Task to complete - Beginning with the first line of the data below, reproduce every line unchanged, ending with the line that holds "[a, b, c]. s!2".
[Start of Attachment]
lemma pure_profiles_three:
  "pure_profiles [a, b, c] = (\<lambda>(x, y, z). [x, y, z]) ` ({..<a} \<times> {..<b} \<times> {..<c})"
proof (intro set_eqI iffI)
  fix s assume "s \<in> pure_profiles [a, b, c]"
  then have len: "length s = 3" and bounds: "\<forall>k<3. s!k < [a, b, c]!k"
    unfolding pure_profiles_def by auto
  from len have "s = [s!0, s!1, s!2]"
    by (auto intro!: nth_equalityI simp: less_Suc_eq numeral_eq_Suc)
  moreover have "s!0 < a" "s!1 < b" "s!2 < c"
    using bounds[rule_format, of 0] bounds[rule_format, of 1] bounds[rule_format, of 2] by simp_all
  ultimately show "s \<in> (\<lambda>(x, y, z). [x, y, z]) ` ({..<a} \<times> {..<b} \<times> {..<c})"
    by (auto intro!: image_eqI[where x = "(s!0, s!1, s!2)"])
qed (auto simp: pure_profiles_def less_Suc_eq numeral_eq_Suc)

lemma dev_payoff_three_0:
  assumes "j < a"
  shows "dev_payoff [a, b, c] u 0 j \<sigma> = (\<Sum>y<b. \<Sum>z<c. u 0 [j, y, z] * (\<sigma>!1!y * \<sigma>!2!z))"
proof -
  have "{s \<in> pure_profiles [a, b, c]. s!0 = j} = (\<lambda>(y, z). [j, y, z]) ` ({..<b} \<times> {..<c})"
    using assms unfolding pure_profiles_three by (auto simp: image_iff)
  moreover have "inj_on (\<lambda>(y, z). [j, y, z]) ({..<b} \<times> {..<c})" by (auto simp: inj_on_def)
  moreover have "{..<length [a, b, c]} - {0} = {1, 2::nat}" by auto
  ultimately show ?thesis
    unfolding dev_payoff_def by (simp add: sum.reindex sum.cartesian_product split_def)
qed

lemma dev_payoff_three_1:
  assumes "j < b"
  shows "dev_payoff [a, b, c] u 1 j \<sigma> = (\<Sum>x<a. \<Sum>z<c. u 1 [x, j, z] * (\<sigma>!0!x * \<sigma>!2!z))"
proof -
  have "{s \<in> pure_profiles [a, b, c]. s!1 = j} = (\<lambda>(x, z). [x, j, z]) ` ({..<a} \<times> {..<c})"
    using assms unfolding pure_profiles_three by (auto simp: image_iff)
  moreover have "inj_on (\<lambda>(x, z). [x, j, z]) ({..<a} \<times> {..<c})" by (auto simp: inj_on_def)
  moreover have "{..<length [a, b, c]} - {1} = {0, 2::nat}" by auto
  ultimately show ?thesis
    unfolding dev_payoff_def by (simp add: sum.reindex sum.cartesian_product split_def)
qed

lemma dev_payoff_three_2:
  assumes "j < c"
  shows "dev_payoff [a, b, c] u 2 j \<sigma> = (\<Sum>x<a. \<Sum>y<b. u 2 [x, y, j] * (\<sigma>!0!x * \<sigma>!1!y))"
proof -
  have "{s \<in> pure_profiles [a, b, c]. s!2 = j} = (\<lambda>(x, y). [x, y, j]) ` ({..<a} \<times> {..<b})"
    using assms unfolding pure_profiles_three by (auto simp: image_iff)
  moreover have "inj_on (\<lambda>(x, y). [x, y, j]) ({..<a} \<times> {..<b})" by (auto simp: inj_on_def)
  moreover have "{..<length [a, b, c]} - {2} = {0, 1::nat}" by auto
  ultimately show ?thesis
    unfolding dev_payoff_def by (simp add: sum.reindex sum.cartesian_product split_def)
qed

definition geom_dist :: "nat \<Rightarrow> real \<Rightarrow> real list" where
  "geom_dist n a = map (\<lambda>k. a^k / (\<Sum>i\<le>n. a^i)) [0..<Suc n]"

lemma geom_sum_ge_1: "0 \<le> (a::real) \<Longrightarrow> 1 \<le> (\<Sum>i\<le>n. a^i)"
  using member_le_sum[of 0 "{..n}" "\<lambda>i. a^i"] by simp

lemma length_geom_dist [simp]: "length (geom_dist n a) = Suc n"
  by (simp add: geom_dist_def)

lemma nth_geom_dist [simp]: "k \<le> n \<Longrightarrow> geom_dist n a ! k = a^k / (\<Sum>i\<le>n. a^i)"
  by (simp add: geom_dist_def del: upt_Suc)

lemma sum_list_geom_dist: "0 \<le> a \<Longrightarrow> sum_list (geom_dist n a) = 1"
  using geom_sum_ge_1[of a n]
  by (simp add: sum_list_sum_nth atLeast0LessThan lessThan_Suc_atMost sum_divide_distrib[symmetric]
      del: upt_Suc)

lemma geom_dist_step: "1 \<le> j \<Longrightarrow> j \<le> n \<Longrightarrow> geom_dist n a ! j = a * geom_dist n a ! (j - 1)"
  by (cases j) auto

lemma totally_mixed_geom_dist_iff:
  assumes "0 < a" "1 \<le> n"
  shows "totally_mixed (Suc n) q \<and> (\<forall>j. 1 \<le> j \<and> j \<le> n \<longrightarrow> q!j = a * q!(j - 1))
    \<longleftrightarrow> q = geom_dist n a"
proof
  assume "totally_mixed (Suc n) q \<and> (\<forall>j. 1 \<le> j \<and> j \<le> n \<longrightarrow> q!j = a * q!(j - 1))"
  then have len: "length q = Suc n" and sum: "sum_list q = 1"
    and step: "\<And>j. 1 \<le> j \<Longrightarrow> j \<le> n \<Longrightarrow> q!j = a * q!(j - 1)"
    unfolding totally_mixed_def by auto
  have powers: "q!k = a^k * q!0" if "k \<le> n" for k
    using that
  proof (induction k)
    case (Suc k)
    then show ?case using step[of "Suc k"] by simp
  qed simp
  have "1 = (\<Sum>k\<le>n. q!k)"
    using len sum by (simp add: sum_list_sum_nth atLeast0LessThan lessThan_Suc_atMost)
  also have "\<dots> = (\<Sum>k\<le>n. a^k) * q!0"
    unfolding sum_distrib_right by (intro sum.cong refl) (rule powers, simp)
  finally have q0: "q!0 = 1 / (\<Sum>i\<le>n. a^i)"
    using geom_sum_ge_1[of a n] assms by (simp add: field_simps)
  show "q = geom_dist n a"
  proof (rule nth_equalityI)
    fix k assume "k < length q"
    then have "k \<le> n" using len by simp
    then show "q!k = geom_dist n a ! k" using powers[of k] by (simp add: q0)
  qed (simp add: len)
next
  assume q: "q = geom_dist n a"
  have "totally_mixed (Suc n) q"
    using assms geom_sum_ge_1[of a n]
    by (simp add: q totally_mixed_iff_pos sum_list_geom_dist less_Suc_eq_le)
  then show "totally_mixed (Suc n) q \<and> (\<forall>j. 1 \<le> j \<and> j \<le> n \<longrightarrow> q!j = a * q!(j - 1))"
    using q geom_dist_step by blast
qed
[End of Attachment]
Your solution -
lemma pure_profiles_three:
  "pure_profiles [a, b, c] = (\<lambda>(x, y, z). [x, y, z]) ` ({..<a} \<times> {..<b} \<times> {..<c})"
proof (intro set_eqI iffI)
  fix s assume "s \<in> pure_profiles [a, b, c]"
  then have len: "length s = 3" and bounds: "\<forall>k<3. s!k < [a, b, c]!k"
    unfolding pure_profiles_def by auto
  from len have "s = [s!0, s!1, s!2]"
    by (auto intro!: nth_equalityI simp: less_Suc_eq numeral_eq_Suc)
  moreover have "s!0 < a" "s!1 < b" "s!2 < c"
    using bounds[rule_format, of 0] bounds[rule_format, of 1] bounds[rule_format, of 2] by simp_all
  ultimately show "s \<in> (\<lambda>(x, y, z). [x, y, z]) ` ({..<a} \<times> {..<b} \<times> {..<c})"
    by (auto intro!: image_eqI[where x = "(s!0, s!1, s!2)"])
qed (auto simp: pure_profiles_def less_Suc_eq numeral_eq_Suc)

lemma dev_payoff_three_0:
  assumes "j < a"
  shows "dev_payoff [a, b, c] u 0 j \<sigma> = (\<Sum>y<b. \<Sum>z<c. u 0 [j, y, z] * (\<sigma>!1!y * \<sigma>!2!z))"
proof -
  have "{s \<in> pure_profiles [a, b, c]. s!0 = j} = (\<lambda>(y, z). [j, y, z]) ` ({..<b} \<times> {..<c})"
    using assms unfolding pure_profiles_three by (auto simp: image_iff)
  moreover have "inj_on (\<lambda>(y, z). [j, y, z]) ({..<b} \<times> {..<c})" by (auto simp: inj_on_def)
  moreover have "{..<length [a, b, c]} - {0} = {1, 2::nat}" by auto
  ultimately show ?thesis
    unfolding dev_payoff_def by (simp add: sum.reindex sum.cartesian_product split_def)
qed

lemma dev_payoff_three_1:
  assumes "j < b"
  shows "dev_payoff [a, b, c] u 1 j \<sigma> = (\<Sum>x<a. \<Sum>z<c. u 1 [x, j, z] * (\<sigma>!0!x * \<sigma>!2!z))"
proof -
  have "{s \<in> pure_profiles [a, b, c]. s!1 = j} = (\<lambda>(x, z). [x, j, z]) ` ({..<a} \<times> {..<c})"
    using assms unfolding pure_profiles_three by (auto simp: image_iff)
  moreover have "inj_on (\<lambda>(x, z). [x, j, z]) ({..<a} \<times> {..<c})" by (auto simp: inj_on_def)
  moreover have "{..<length [a, b, c]} - {1} = {0, 2::nat}" by auto
  ultimately show ?thesis
    unfolding dev_payoff_def by (simp add: sum.reindex sum.cartesian_product split_def)
qed

lemma dev_payoff_three_2:
  assumes "j < c"
  shows "dev_payoff [a, b, c] u 2 j \<sigma> = (\<Sum>x<a. \<Sum>y<b. u 2 [x, y, j] * (\<sigma>!0!x * \<sigma>!1!y))"
proof -
  have "{s \<in> pure_profiles [a, b, c]. s!2 = j} = (\<lambda>(x, y). [x, y, j]) ` ({..<a} \<times> {..<b})"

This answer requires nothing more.